Items from a data source
(* Let $n\geq 8$, let $\mathfrak{X}=\{A_0,A_1,A_2\}$ be a non-symmetric class $2$ association scheme of order $n-1$, and let $B_1$ be the $(2n-1)\times(2n-1)$ matrix defined from $A_1$ as in the context, so that $\{I_{2n-1},B_1,B_1^T\}$ is a non-symmetric class $2$ association scheme. For $i\in\{1,\dots,2n-1\}$ let $N(i)=\{j : (B_1)_{ij}=1\}$, and for $1\le i<j<k\le 2n-1$ let $\nu(i,j,k)=|N(i)\cap N(j)\cap N(k)|$. Then $\nu(i,j,k)\leq (n-2)/2$ for all $1\le i<j<k\le 2n-1$, with equality if and only if $(i,j,k)=(a,n,n+a)$ for some $1\leq a\leq n-1$.
   Context: An association scheme of order $N$ is a set $\{A_0,\dots,A_d\}$ of $N\times N$ $0/1$-matrices such that $A_0=I_N$, $\sum_i A_i=J_N$ (all-ones matrix), each $A_i^T$ is in the set, and each product $A_iA_j$ is a linear combination of the $A_k$. It is non-symmetric of class $2$ if $d=2$ and $A_1^T=A_2\neq A_1$. (For such a scheme of order $n-1$ one has $n\equiv 0 \pmod 4$.) Definition of $B_1$ (indices $1\le i,j\le n-1$): $(B_1)_{i,j}=(A_1)_{ij}$, $(B_1)_{i,n}=0$, $(B_1)_{i,n+j}=(A_0+A_1)_{ij}$; $(B_1)_{n,j}=1$, $(B_1)_{n,n}=0$, $(B_1)_{n,n+j}=0$; $(B_1)_{n+i,j}=(A_1)_{ij}$, $(B_1)_{n+i,n}=1$, $(B_1)_{n+i,n+j}=(A_2)_{ij}$. In block form, $B_1=\begin{bmatrix} A_1 & \mathbf{0} & A_0+A_1\\ \mathbf{1}^T & 0 & \mathbf{0}^T\\ A_1 & \mathbf{1} & A_2\end{bmatrix}$ with blocks indexed by $\{1,\dots,n-1\},\{n\},\{n+1,\dots,2n-1\}$. *)

theory Defs
  imports Complex_Main
begin

text \<open>Square matrices of order N are represented as functions nat => nat => real,
  where only the entries with indices in {1..N} are meaningful.\<close>

type_synonym mat = "nat \<Rightarrow> nat \<Rightarrow> real"

definition mat_mult :: "nat \<Rightarrow> mat \<Rightarrow> mat \<Rightarrow> mat" where
  "mat_mult N X Y = (\<lambda>i j. \<Sum>k=1..N. X i k * Y k j)"

text \<open>An association scheme of order N and class d, given by the family A 0, ..., A d
  (a set of d+1 matrices, hence pairwise distinct on the index set).\<close>

definition assoc_scheme :: "nat \<Rightarrow> nat \<Rightarrow> (nat \<Rightarrow> mat) \<Rightarrow> bool" where
  "assoc_scheme N d A \<longleftrightarrow>
     (\<forall>i\<le>d. \<forall>x\<in>{1..N}. \<forall>y\<in>{1..N}. A i x y = 0 \<or> A i x y = 1) \<and>
     (\<forall>i\<le>d. \<forall>j\<le>d. i \<noteq> j \<longrightarrow> (\<exists>x\<in>{1..N}. \<exists>y\<in>{1..N}. A i x y \<noteq> A j x y)) \<and>
     (\<forall>x\<in>{1..N}. \<forall>y\<in>{1..N}. A 0 x y = (if x = y then 1 else 0)) \<and>
     (\<forall>x\<in>{1..N}. \<forall>y\<in>{1..N}. (\<Sum>i\<le>d. A i x y) = 1) \<and>
     (\<forall>i\<le>d. \<exists>j\<le>d. \<forall>x\<in>{1..N}. \<forall>y\<in>{1..N}. A j x y = A i y x) \<and>
     (\<forall>i\<le>d. \<forall>j\<le>d. \<exists>c :: nat \<Rightarrow> real. \<forall>x\<in>{1..N}. \<forall>y\<in>{1..N}.
         mat_mult N (A i) (A j) x y = (\<Sum>k\<le>d. c k * A k x y))"

definition nonsym_class2_scheme :: "nat \<Rightarrow> (nat \<Rightarrow> mat) \<Rightarrow> bool" where
  "nonsym_class2_scheme N A \<longleftrightarrow>
     assoc_scheme N 2 A \<and>
     (\<forall>x\<in>{1..N}. \<forall>y\<in>{1..N}. A 2 x y = A 1 y x) \<and>
     (\<exists>x\<in>{1..N}. \<exists>y\<in>{1..N}. A 2 x y \<noteq> A 1 x y)"

definition B1 :: "nat \<Rightarrow> (nat \<Rightarrow> mat) \<Rightarrow> mat" where
  "B1 n A = (\<lambda>r s.
     if r \<le> n - 1 then
       (if s \<le> n - 1 then A 1 r s else if s = n then 0 else A 0 r (s - n) + A 1 r (s - n))
     else if r = n then
       (if s \<le> n - 1 then 1 else 0)
     else
       (if s \<le> n - 1 then A 1 (r - n) s else if s = n then 1 else A 2 (r - n) (s - n)))"
(* Let $C=\{c_1,\dots,c_m\}\subset\mathbb{R}$ with $c_1\le\dots\le c_m$, let $\mathcal{I}$ be a finite set of closed intervals in $\mathbb{R}$ and $f\ge0$ an integer such that every $I\in\mathcal{I}$ satisfies $|I\cap C|>f$. Let $T$ be the output of the following greedy procedure: start with $T=\emptyset$; for $t=1,\dots,m$ in order, if there exist $i,j$ with $1\le i\le t\le j\le m$ and $\delta_{i,j}(f)\ge|T\cap C_{i,j}|+(j-t+1)$ (current $T$), add $c_t$ to $T$. Write $T=\{c_{k_1},\dots,c_{k_r}\}$ with $k_1<\dots<k_r$, and let $\mathsf{opt}$ be the minimum size of a subset $S\subseteq C$ satisfying $|S\cap C_{i,j}|\ge\delta_{i,j}(f)$ for all $1\le i\le j\le m$. Then for every $t\in\{1,\dots,r\}$ there exists $T^*\subseteq C$ such that (1) $|T^*\cap C_{i,j}|\ge\delta_{i,j}(f)$ for all $1\le i\le j\le m$, (2) $|T^*|=\mathsf{opt}$, and (3) $\{c_{k_1},\dots,c_{k_t}\}\subseteq T^*$.
   Context: For a set of points $X$, a set of intervals is $X$-disjoint if every point of $X$ lies in at most one of its intervals. For $1\le i\le j\le m$: $C_{i,j}=\{c_i,\dots,c_j\}$; $\mathcal{I}_{i,j}=\{I\in\mathcal{I}: I\cap C\subseteq C_{i,j}\}$; for $J\subseteq C_{i,j}$, $\delta_{i,j}(J)$ is the maximum size of a $(C_{i,j}\setminus J)$-disjoint subset of $\mathcal{I}_{i,j}$; and $\delta_{i,j}(f)=\max_{J\subseteq C_{i,j},|J|\le f}\delta_{i,j}(J)$. *)

theory Defs
  imports Complex_Main
begin

definition pts :: "(nat \<Rightarrow> real) \<Rightarrow> nat \<Rightarrow> real set" where
  "pts c m = c ` {1..m}"

definition Cij :: "(nat \<Rightarrow> real) \<Rightarrow> nat \<Rightarrow> nat \<Rightarrow> real set" where
  "Cij c i j = c ` {i..j}"

definition Iij :: "(nat \<Rightarrow> real) \<Rightarrow> nat \<Rightarrow> real set set \<Rightarrow> nat \<Rightarrow> nat \<Rightarrow> real set set" where
  "Iij c m \<I> i j = {I \<in> \<I>. I \<inter> pts c m \<subseteq> Cij c i j}"

definition X_disjoint :: "real set \<Rightarrow> real set set \<Rightarrow> bool" where
  "X_disjoint X F \<longleftrightarrow> (\<forall>x\<in>X. card {I \<in> F. x \<in> I} \<le> 1)"

definition deltaJ :: "(nat \<Rightarrow> real) \<Rightarrow> nat \<Rightarrow> real set set \<Rightarrow> nat \<Rightarrow> nat \<Rightarrow> real set \<Rightarrow> nat" where
  "deltaJ c m \<I> i j J =
     Max {card F | F. F \<subseteq> Iij c m \<I> i j \<and> X_disjoint (Cij c i j - J) F}"

definition delta :: "(nat \<Rightarrow> real) \<Rightarrow> nat \<Rightarrow> real set set \<Rightarrow> nat \<Rightarrow> nat \<Rightarrow> nat \<Rightarrow> nat" where
  "delta c m \<I> i j f =
     Max {deltaJ c m \<I> i j J | J. J \<subseteq> Cij c i j \<and> card J \<le> f}"

fun greedy_upto :: "(nat \<Rightarrow> real) \<Rightarrow> nat \<Rightarrow> real set set \<Rightarrow> nat \<Rightarrow> nat \<Rightarrow> real set" where
  "greedy_upto c m \<I> f 0 = {}"
| "greedy_upto c m \<I> f (Suc t) =
     (let T = greedy_upto c m \<I> f t in
      if (\<exists>i j. 1 \<le> i \<and> i \<le> Suc t \<and> Suc t \<le> j \<and> j \<le> m \<and>
               delta c m \<I> i j f \<ge> card (T \<inter> Cij c i j) + (j - Suc t + 1))
      then insert (c (Suc t)) T else T)"

definition greedy :: "(nat \<Rightarrow> real) \<Rightarrow> nat \<Rightarrow> real set set \<Rightarrow> nat \<Rightarrow> real set" where
  "greedy c m \<I> f = greedy_upto c m \<I> f m"

definition feasible :: "(nat \<Rightarrow> real) \<Rightarrow> nat \<Rightarrow> real set set \<Rightarrow> nat \<Rightarrow> real set \<Rightarrow> bool" where
  "feasible c m \<I> f S \<longleftrightarrow>
     (\<forall>i j. 1 \<le> i \<and> i \<le> j \<and> j \<le> m \<longrightarrow> card (S \<inter> Cij c i j) \<ge> delta c m \<I> i j f)"
(* Let $(G,\varphi)$ be a complex unit gain graph, let $u$ be a cut vertex of $G$, and let $H$ be a connected component of $G-u$. If $r(H,\varphi)=r(H+u,\varphi)$, then $r(G,\varphi)=r(H,\varphi)+r(G-V(H),\varphi)$.
   Context: A complex unit gain graph $(G,\varphi)$ is a simple finite graph $G$ with a gain function $\varphi$ assigning to each oriented edge $e_{ij}$ a complex number of modulus $1$ with $\varphi(e_{ji})=\overline{\varphi(e_{ij})}$. Its adjacency matrix $A(G,\varphi)$ has $(i,j)$-entry $\varphi(e_{ij})$ if $v_i,v_j$ are adjacent and $0$ otherwise; $r(G,\varphi)$ is its rank. For an induced subgraph $K$ of $G$, $(K,\varphi)$ denotes $K$ with the restriction of $\varphi$. $H+u$ denotes the subgraph of $G$ induced by $V(H)\cup\{u\}$, and $G-V(H)$ is obtained from $G$ by deleting all vertices of $H$ (so it contains $u$). *)

theory Defs
  imports Complex_Main "HOL-Library.Function_Algebras"
begin

definition simple_graph :: "'a set \<Rightarrow> ('a \<Rightarrow> 'a \<Rightarrow> bool) \<Rightarrow> bool" where
  "simple_graph V E \<longleftrightarrow> finite V \<and> (\<forall>x y. E x y \<longrightarrow> x \<in> V \<and> y \<in> V)
     \<and> (\<forall>x y. E x y \<longrightarrow> E y x) \<and> (\<forall>x. \<not> E x x)"

definition unit_gain_graph ::
  "'a set \<Rightarrow> ('a \<Rightarrow> 'a \<Rightarrow> bool) \<Rightarrow> ('a \<Rightarrow> 'a \<Rightarrow> complex) \<Rightarrow> bool" where
  "unit_gain_graph V E phi \<longleftrightarrow> simple_graph V E
     \<and> (\<forall>x y. E x y \<longrightarrow> cmod (phi x y) = 1 \<and> phi y x = cnj (phi x y))"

## Problem statement
If a line above contains the word "bool", list it.

## Solution
definition assoc_scheme :: "nat \<Rightarrow> nat \<Rightarrow> (nat \<Rightarrow> mat) \<Rightarrow> bool" where
definition nonsym_class2_scheme :: "nat \<Rightarrow> (nat \<Rightarrow> mat) \<Rightarrow> bool" where
definition X_disjoint :: "real set \<Rightarrow> real set set \<Rightarrow> bool" where
definition feasible :: "(nat \<Rightarrow> real) \<Rightarrow> nat \<Rightarrow> real set set \<Rightarrow> nat \<Rightarrow> real set \<Rightarrow> bool" where
definition simple_graph :: "'a set \<Rightarrow> ('a \<Rightarrow> 'a \<Rightarrow> bool) \<Rightarrow> bool" where
  "'a set \<Rightarrow> ('a \<Rightarrow> 'a \<Rightarrow> bool) \<Rightarrow> ('a \<Rightarrow> 'a \<Rightarrow> complex) \<Rightarrow> bool" where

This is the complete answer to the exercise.